▶ [Your task]:
Copy all of the data that follows without altering a word.

▶ [Saved entries]:
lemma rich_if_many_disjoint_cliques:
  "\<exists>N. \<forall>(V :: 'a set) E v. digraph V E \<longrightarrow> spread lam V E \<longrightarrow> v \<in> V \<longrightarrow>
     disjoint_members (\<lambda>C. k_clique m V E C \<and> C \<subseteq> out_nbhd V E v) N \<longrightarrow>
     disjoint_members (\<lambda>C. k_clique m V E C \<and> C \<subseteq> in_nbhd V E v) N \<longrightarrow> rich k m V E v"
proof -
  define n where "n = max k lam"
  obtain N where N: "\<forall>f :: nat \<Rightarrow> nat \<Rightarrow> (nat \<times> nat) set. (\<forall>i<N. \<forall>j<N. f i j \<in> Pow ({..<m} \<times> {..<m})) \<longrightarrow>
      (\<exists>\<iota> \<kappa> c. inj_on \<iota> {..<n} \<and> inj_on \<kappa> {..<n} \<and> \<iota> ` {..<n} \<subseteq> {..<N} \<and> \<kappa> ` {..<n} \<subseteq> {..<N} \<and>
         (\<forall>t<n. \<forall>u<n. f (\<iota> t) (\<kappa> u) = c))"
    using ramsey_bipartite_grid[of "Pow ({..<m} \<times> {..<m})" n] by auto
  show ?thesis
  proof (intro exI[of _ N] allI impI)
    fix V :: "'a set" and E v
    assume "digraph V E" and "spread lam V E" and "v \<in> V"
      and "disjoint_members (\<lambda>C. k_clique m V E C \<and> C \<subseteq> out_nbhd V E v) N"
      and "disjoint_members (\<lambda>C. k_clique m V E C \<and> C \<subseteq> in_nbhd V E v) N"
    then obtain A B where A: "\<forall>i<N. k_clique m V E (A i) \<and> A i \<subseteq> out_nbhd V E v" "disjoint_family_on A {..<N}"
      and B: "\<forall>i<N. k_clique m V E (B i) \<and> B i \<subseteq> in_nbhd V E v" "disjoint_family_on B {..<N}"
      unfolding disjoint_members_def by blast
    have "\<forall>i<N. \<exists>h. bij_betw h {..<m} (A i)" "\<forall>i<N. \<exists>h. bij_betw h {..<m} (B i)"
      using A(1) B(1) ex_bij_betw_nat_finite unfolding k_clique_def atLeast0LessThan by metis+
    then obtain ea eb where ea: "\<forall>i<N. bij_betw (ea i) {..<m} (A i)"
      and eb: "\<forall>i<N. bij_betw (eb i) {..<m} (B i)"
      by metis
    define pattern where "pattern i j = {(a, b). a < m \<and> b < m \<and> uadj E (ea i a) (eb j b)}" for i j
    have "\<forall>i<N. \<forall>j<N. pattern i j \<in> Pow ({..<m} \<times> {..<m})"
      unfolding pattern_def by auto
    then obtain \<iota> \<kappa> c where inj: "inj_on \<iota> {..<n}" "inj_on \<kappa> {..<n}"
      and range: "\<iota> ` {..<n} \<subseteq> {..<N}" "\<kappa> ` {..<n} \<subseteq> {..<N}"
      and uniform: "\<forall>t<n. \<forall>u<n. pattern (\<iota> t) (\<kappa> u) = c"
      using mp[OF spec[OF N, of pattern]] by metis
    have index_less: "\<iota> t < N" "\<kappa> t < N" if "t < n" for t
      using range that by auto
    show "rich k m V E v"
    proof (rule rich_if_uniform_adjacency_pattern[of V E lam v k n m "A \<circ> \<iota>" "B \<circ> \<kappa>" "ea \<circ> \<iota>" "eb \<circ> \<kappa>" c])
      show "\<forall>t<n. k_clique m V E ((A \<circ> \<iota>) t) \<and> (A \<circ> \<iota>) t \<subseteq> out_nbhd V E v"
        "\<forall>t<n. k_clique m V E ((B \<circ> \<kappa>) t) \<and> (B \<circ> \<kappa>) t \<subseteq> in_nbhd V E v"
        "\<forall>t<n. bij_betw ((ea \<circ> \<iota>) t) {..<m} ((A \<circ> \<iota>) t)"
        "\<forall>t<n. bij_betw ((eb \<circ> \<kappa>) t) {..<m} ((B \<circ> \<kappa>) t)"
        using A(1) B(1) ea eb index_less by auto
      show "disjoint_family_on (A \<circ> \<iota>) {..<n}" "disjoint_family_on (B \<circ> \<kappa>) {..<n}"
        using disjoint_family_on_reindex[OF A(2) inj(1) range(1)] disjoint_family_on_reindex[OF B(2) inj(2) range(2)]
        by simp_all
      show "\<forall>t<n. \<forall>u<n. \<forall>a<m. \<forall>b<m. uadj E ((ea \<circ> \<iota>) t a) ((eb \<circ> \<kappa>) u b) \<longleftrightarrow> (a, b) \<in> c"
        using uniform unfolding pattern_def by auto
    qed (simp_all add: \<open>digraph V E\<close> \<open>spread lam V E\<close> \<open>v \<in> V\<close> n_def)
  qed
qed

▶ [Output for this task]:
lemma rich_if_many_disjoint_cliques:
  "\<exists>N. \<forall>(V :: 'a set) E v. digraph V E \<longrightarrow> spread lam V E \<longrightarrow> v \<in> V \<longrightarrow>
     disjoint_members (\<lambda>C. k_clique m V E C \<and> C \<subseteq> out_nbhd V E v) N \<longrightarrow>
     disjoint_members (\<lambda>C. k_clique m V E C \<and> C \<subseteq> in_nbhd V E v) N \<longrightarrow> rich k m V E v"
proof -
  define n where "n = max k lam"
  obtain N where N: "\<forall>f :: nat \<Rightarrow> nat \<Rightarrow> (nat \<times> nat) set. (\<forall>i<N. \<forall>j<N. f i j \<in> Pow ({..<m} \<times> {..<m})) \<longrightarrow>
      (\<exists>\<iota> \<kappa> c. inj_on \<iota> {..<n} \<and> inj_on \<kappa> {..<n} \<and> \<iota> ` {..<n} \<subseteq> {..<N} \<and> \<kappa> ` {..<n} \<subseteq> {..<N} \<and>
         (\<forall>t<n. \<forall>u<n. f (\<iota> t) (\<kappa> u) = c))"
    using ramsey_bipartite_grid[of "Pow ({..<m} \<times> {..<m})" n] by auto
  show ?thesis
  proof (intro exI[of _ N] allI impI)
    fix V :: "'a set" and E v
    assume "digraph V E" and "spread lam V E" and "v \<in> V"
      and "disjoint_members (\<lambda>C. k_clique m V E C \<and> C \<subseteq> out_nbhd V E v) N"
      and "disjoint_members (\<lambda>C. k_clique m V E C \<and> C \<subseteq> in_nbhd V E v) N"
    then obtain A B where A: "\<forall>i<N. k_clique m V E (A i) \<and> A i \<subseteq> out_nbhd V E v" "disjoint_family_on A {..<N}"
      and B: "\<forall>i<N. k_clique m V E (B i) \<and> B i \<subseteq> in_nbhd V E v" "disjoint_family_on B {..<N}"
      unfolding disjoint_members_def by blast
    have "\<forall>i<N. \<exists>h. bij_betw h {..<m} (A i)" "\<forall>i<N. \<exists>h. bij_betw h {..<m} (B i)"
      using A(1) B(1) ex_bij_betw_nat_finite unfolding k_clique_def atLeast0LessThan by metis+
    then obtain ea eb where ea: "\<forall>i<N. bij_betw (ea i) {..<m} (A i)"
      and eb: "\<forall>i<N. bij_betw (eb i) {..<m} (B i)"
      by metis
    define pattern where "pattern i j = {(a, b). a < m \<and> b < m \<and> uadj E (ea i a) (eb j b)}" for i j
    have "\<forall>i<N. \<forall>j<N. pattern i j \<in> Pow ({..<m} \<times> {..<m})"
      unfolding pattern_def by auto
    then obtain \<iota> \<kappa> c where inj: "inj_on \<iota> {..<n}" "inj_on \<kappa> {..<n}"
      and range: "\<iota> ` {..<n} \<subseteq> {..<N}" "\<kappa> ` {..<n} \<subseteq> {..<N}"
      and uniform: "\<forall>t<n. \<forall>u<n. pattern (\<iota> t) (\<kappa> u) = c"
      using mp[OF spec[OF N, of pattern]] by metis
    have index_less: "\<iota> t < N" "\<kappa> t < N" if "t < n" for t
      using range that by auto
    show "rich k m V E v"
    proof (rule rich_if_uniform_adjacency_pattern[of V E lam v k n m "A \<circ> \<iota>" "B \<circ> \<kappa>" "ea \<circ> \<iota>" "eb \<circ> \<kappa>" c])
      show "\<forall>t<n. k_clique m V E ((A \<circ> \<iota>) t) \<and> (A \<circ> \<iota>) t \<subseteq> out_nbhd V E v"
        "\<forall>t<n. k_clique m V E ((B \<circ> \<kappa>) t) \<and> (B \<circ> \<kappa>) t \<subseteq> in_nbhd V E v"
        "\<forall>t<n. bij_betw ((ea \<circ> \<iota>) t) {..<m} ((A \<circ> \<iota>) t)"
        "\<forall>t<n. bij_betw ((eb \<circ> \<kappa>) t) {..<m} ((B \<circ> \<kappa>) t)"
        using A(1) B(1) ea eb index_less by auto
      show "disjoint_family_on (A \<circ> \<iota>) {..<n}" "disjoint_family_on (B \<circ> \<kappa>) {..<n}"
        using disjoint_family_on_reindex[OF A(2) inj(1) range(1)] disjoint_family_on_reindex[OF B(2) inj(2) range(2)]
        by simp_all
      show "\<forall>t<n. \<forall>u<n. \<forall>a<m. \<forall>b<m. uadj E ((ea \<circ> \<iota>) t a) ((eb \<circ> \<kappa>) u b) \<longleftrightarrow> (a, b) \<in> c"
        using uniform unfolding pattern_def by auto
    qed (simp_all add: \<open>digraph V E\<close> \<open>spread lam V E\<close> \<open>v \<in> V\<close> n_def)
  qed
qed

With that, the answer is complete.